* [Goal of the exercise]
Find the string "Zero" in the records. Copy each line that has it.
[Opening Data provided section]
(* Let $V=\{0,\tfrac12,1\}$ and consider any sentential language with an atomic expressive semantics whose consequence relation is induced by the truth-relation $ss\cap tt$. Then no binary connective of the language (with any truth function) is a G-conditional.
   Context: $ss\cap tt=\models_{\{1\},\{1\}}\cap\models_{\{1,\frac12\},\{1,\frac12\}}$, where $\gamma\models_{\mathcal{D}_p,\mathcal{D}_c}\delta$ iff ($\gamma\subseteq\mathcal{D}_p\Rightarrow\delta\cap\mathcal{D}_c\neq\emptyset$). A semantics: set of valuations mapping atoms to $V$, interpreting each connective by a truth function fixed across valuations, extended compositionally, such that every assignment of values to finitely many distinct atoms is realized. Atomic expressive: for every $\gamma\subseteq V$ there are a set of formulas $\Gamma$ and a valuation $v$ with $v(\Gamma)=\gamma$. Consequence: $\Gamma\vdash\Delta$ iff $v(\Gamma)\models v(\Delta)$ for all $v$; $\Gamma,A$ denotes $\Gamma\cup\{A\}$. A G-conditional $\to$ satisfies for all $\Gamma,\Delta,A,B$: $\Gamma\vdash A\to B,\Delta$ iff $\Gamma,A\vdash B,\Delta$; and $\Gamma,A\to B\vdash\Delta$ iff ($\Gamma\vdash A,\Delta$ and $\Gamma,B\vdash\Delta$). *)

theory Defs
  imports Main
begin

datatype tv = Zero | Half | One

datatype ('a, 'c) form = Atom 'a | Conn 'c "('a, 'c) form list"

inductive wf :: "('c \<Rightarrow> nat) \<Rightarrow> ('a, 'c) form \<Rightarrow> bool" for ar where
  wf_Atom: "wf ar (Atom p)"
| wf_Conn: "length As = ar c \<Longrightarrow> (\<forall>A\<in>set As. wf ar A) \<Longrightarrow> wf ar (Conn c As)"

fun eval :: "('c \<Rightarrow> tv list \<Rightarrow> tv) \<Rightarrow> ('a \<Rightarrow> tv) \<Rightarrow> ('a, 'c) form \<Rightarrow> tv" where
  "eval I e (Atom p) = e p"
| "eval I e (Conn c As) = I c (map (eval I e) As)"

definition models_D :: "tv set \<Rightarrow> tv set \<Rightarrow> tv set \<Rightarrow> tv set \<Rightarrow> bool" where
  "models_D Dp Dc \<gamma> \<delta> \<longleftrightarrow> (\<gamma> \<subseteq> Dp \<longrightarrow> \<delta> \<inter> Dc \<noteq> {})"

definition ss_cap_tt :: "tv set \<Rightarrow> tv set \<Rightarrow> bool" where
  "ss_cap_tt \<gamma> \<delta> \<longleftrightarrow> models_D {One} {One} \<gamma> \<delta> \<and> models_D {One, Half} {One, Half} \<gamma> \<delta>"

text \<open>A semantics is given by a set S of atom assignments (each extended compositionally
  via eval I); every assignment of values to finitely many atoms must be realized.\<close>
definition is_semantics :: "('a \<Rightarrow> tv) set \<Rightarrow> bool" where
  "is_semantics S \<longleftrightarrow> (\<forall>X f. finite X \<longrightarrow> (\<exists>e\<in>S. \<forall>p\<in>X. e p = f p))"

definition atomic_expressive :: "('c \<Rightarrow> nat) \<Rightarrow> ('c \<Rightarrow> tv list \<Rightarrow> tv) \<Rightarrow> ('a \<Rightarrow> tv) set \<Rightarrow> bool" where
  "atomic_expressive ar I S \<longleftrightarrow>
     (\<forall>\<gamma>. \<exists>\<Gamma>. \<Gamma> \<subseteq> {A. wf ar A} \<and> (\<exists>e\<in>S. eval I e ` \<Gamma> = \<gamma>))"

definition cons :: "('c \<Rightarrow> tv list \<Rightarrow> tv) \<Rightarrow> ('a \<Rightarrow> tv) set
    \<Rightarrow> ('a, 'c) form set \<Rightarrow> ('a, 'c) form set \<Rightarrow> bool" where
  "cons I S \<Gamma> \<Delta> \<longleftrightarrow> (\<forall>e\<in>S. ss_cap_tt (eval I e ` \<Gamma>) (eval I e ` \<Delta>))"

definition G_conditional :: "('c \<Rightarrow> nat) \<Rightarrow> ('c \<Rightarrow> tv list \<Rightarrow> tv) \<Rightarrow> ('a \<Rightarrow> tv) set \<Rightarrow> 'c \<Rightarrow> bool" where
  "G_conditional ar I S c \<longleftrightarrow>
     (\<forall>\<Gamma> \<Delta> A B. \<Gamma> \<subseteq> {X. wf ar X} \<longrightarrow> \<Delta> \<subseteq> {X. wf ar X} \<longrightarrow> wf ar A \<longrightarrow> wf ar B \<longrightarrow>
        (cons I S \<Gamma> (insert (Conn c [A, B]) \<Delta>) \<longleftrightarrow> cons I S (insert A \<Gamma>) (insert B \<Delta>)) \<and>
        (cons I S (insert (Conn c [A, B]) \<Gamma>) \<Delta> \<longleftrightarrow>
           (cons I S \<Gamma> (insert A \<Delta>) \<and> cons I S (insert B \<Gamma>) \<Delta>)))"

end

theory Submission
  imports Defs
begin

text \<open>A G-conditional validates three familiar rules: \<open>\<turnstile> A \<rightarrow> B, A\<close>, modus ponens
  \<open>A \<rightarrow> B, A \<turnstile> B\<close>, and \<open>A \<turnstile> (A \<rightarrow> B) \<rightarrow> B\<close>. By atomic expressiveness some valuation gives
  \<open>A\<close> the value \<open>1/2\<close> and \<open>B\<close> the value \<open>0\<close>. Since \<open>1/2\<close> is not designated as a
  conclusion under \<open>ss\<close>, the first rule forces \<open>A \<rightarrow> B\<close> to be \<open>1\<close>; modus ponens, applied to
  \<open>A \<rightarrow> B\<close> and \<open>B\<close>, then forces \<open>(A \<rightarrow> B) \<rightarrow> B\<close> to be \<open>0\<close>; but \<open>1/2\<close> is designated as a
  premise under \<open>tt\<close>, so the third rule fails.\<close>

lemma ss_cap_tt_iff:
  "ss_cap_tt \<gamma> \<delta> \<longleftrightarrow> (\<gamma> \<subseteq> {One} \<longrightarrow> One \<in> \<delta>) \<and> (\<gamma> \<subseteq> {One, Half} \<longrightarrow> One \<in> \<delta> \<or> Half \<in> \<delta>)"
  unfolding ss_cap_tt_def models_D_def by blast

lemma ss_cap_tt_reflexive: "x \<in> \<gamma> \<Longrightarrow> x \<in> \<delta> \<Longrightarrow> ss_cap_tt \<gamma> \<delta>"
  by (cases x) (auto simp: ss_cap_tt_iff)

lemma cons_reflexive: "A \<in> \<Gamma> \<Longrightarrow> A \<in> \<Delta> \<Longrightarrow> cons I S \<Gamma> \<Delta>"
  unfolding cons_def by (auto intro: ss_cap_tt_reflexive)

lemma consD: "cons I S \<Gamma> \<Delta> \<Longrightarrow> e \<in> S \<Longrightarrow> ss_cap_tt (eval I e ` \<Gamma>) (eval I e ` \<Delta>)"
  unfolding cons_def by simp

lemma wf_binary_Conn: "ar c = 2 \<Longrightarrow> wf ar A \<Longrightarrow> wf ar B \<Longrightarrow> wf ar (Conn c [A, B])"
  by (simp add: wf_Conn)

lemma atomic_expressive_realizes:
  assumes "atomic_expressive ar I S"
  obtains e A B where "e \<in> S" "wf ar A" "wf ar B" "eval I e A = x" "eval I e B = y"
proof -
  obtain \<Gamma> e where \<Gamma>: "\<Gamma> \<subseteq> {A. wf ar A}" and e: "e \<in> S" and realized: "eval I e ` \<Gamma> = {x, y}"
    using assms unfolding atomic_expressive_def by (elim allE[of _ "{x, y}"]) blast
  have "x \<in> eval I e ` \<Gamma>" "y \<in> eval I e ` \<Gamma>"
    by (simp_all add: realized)
  then obtain A B where "A \<in> \<Gamma>" "B \<in> \<Gamma>" "eval I e A = x" "eval I e B = y"
    by (elim imageE) simp
  with \<Gamma> e show thesis
    using that by blast
qed

lemma G_conditional_right:
  assumes "G_conditional ar I S c"
    and "\<Gamma> \<subseteq> {X. wf ar X}" "\<Delta> \<subseteq> {X. wf ar X}" "wf ar A" "wf ar B"
  shows "cons I S \<Gamma> (insert (Conn c [A, B]) \<Delta>) \<longleftrightarrow> cons I S (insert A \<Gamma>) (insert B \<Delta>)"
  using assms unfolding G_conditional_def by blast

lemma G_conditional_left:
  assumes "G_conditional ar I S c"
    and "\<Gamma> \<subseteq> {X. wf ar X}" "\<Delta> \<subseteq> {X. wf ar X}" "wf ar A" "wf ar B"
  shows "cons I S (insert (Conn c [A, B]) \<Gamma>) \<Delta> \<longleftrightarrow>
           cons I S \<Gamma> (insert A \<Delta>) \<and> cons I S (insert B \<Gamma>) \<Delta>"
  using assms unfolding G_conditional_def by blast

lemma G_conditional_valid_cond_or_antecedent:
  assumes "G_conditional ar I S c" "wf ar A" "wf ar B"
  shows "cons I S {} {Conn c [A, B], A}"
  using G_conditional_right[OF assms(1) _ _ assms(2,3), of "{}" "{A}"] assms(2)
  by (auto intro: cons_reflexive)

lemma G_conditional_modus_ponens:
  assumes "G_conditional ar I S c" "wf ar A" "wf ar B"
  shows "cons I S {Conn c [A, B], A} {B}"
  using G_conditional_left[OF assms(1) _ _ assms(2,3), of "{A}" "{B}"] assms(2,3)
  by (auto intro: cons_reflexive)

lemma G_conditional_antecedent_entails_cond_cond:
  assumes "G_conditional ar I S c" "ar c = 2" "wf ar A" "wf ar B"
  shows "cons I S {A} {Conn c [Conn c [A, B], B]}"
proof -
  have "wf ar (Conn c [A, B])"
    using assms(2-4) by (rule wf_binary_Conn)
  then show ?thesis
    using G_conditional_right[OF assms(1) _ _ _ assms(4), of "{A}" "{}" "Conn c [A, B]"] assms
      G_conditional_modus_ponens[OF assms(1,3,4)]
    by simp
qed

theorem theorem4p4:
  fixes ar :: "'c \<Rightarrow> nat" and I :: "'c \<Rightarrow> tv list \<Rightarrow> tv"
    and S :: "('a \<Rightarrow> tv) set" and c :: 'c
  assumes "is_semantics S"
    and "atomic_expressive ar I S"
    and "ar c = 2"
  shows "\<not> G_conditional ar I S c"
proof
  assume G: "G_conditional ar I S c"
  obtain e A B where e: "e \<in> S" and wf: "wf ar A" "wf ar B"
    and A: "eval I e A = Half" and B: "eval I e B = Zero"
    using atomic_expressive_realizes[OF assms(2)] .
  let ?AB = "Conn c [A, B]"
  let ?D = "Conn c [?AB, B]"
  have "ss_cap_tt {} {eval I e ?AB, Half}"
    using consD[OF G_conditional_valid_cond_or_antecedent[OF G wf] e] A by simp
  then have "eval I e ?AB = One"
    by (simp add: ss_cap_tt_iff)
  moreover have "ss_cap_tt {eval I e ?D, eval I e ?AB} {Zero}"
    using consD[OF G_conditional_modus_ponens[OF G wf_binary_Conn[OF assms(3) wf] wf(2)] e] B
    by simp
  ultimately have "eval I e ?D = Zero"
    by (cases "eval I e ?D") (simp_all add: ss_cap_tt_iff)
  moreover have "ss_cap_tt {Half} {eval I e ?D}"
    using consD[OF G_conditional_antecedent_entails_cond_cond[OF G assms(3) wf] e] A by simp
  ultimately show False
    by (simp add: ss_cap_tt_iff)
qed

end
[Closing Data provided section]
* [Written solution]
datatype tv = Zero | Half | One
    and A: "eval I e A = Half" and B: "eval I e B = Zero"
  moreover have "ss_cap_tt {eval I e ?D, eval I e ?AB} {Zero}"
  ultimately have "eval I e ?D = Zero"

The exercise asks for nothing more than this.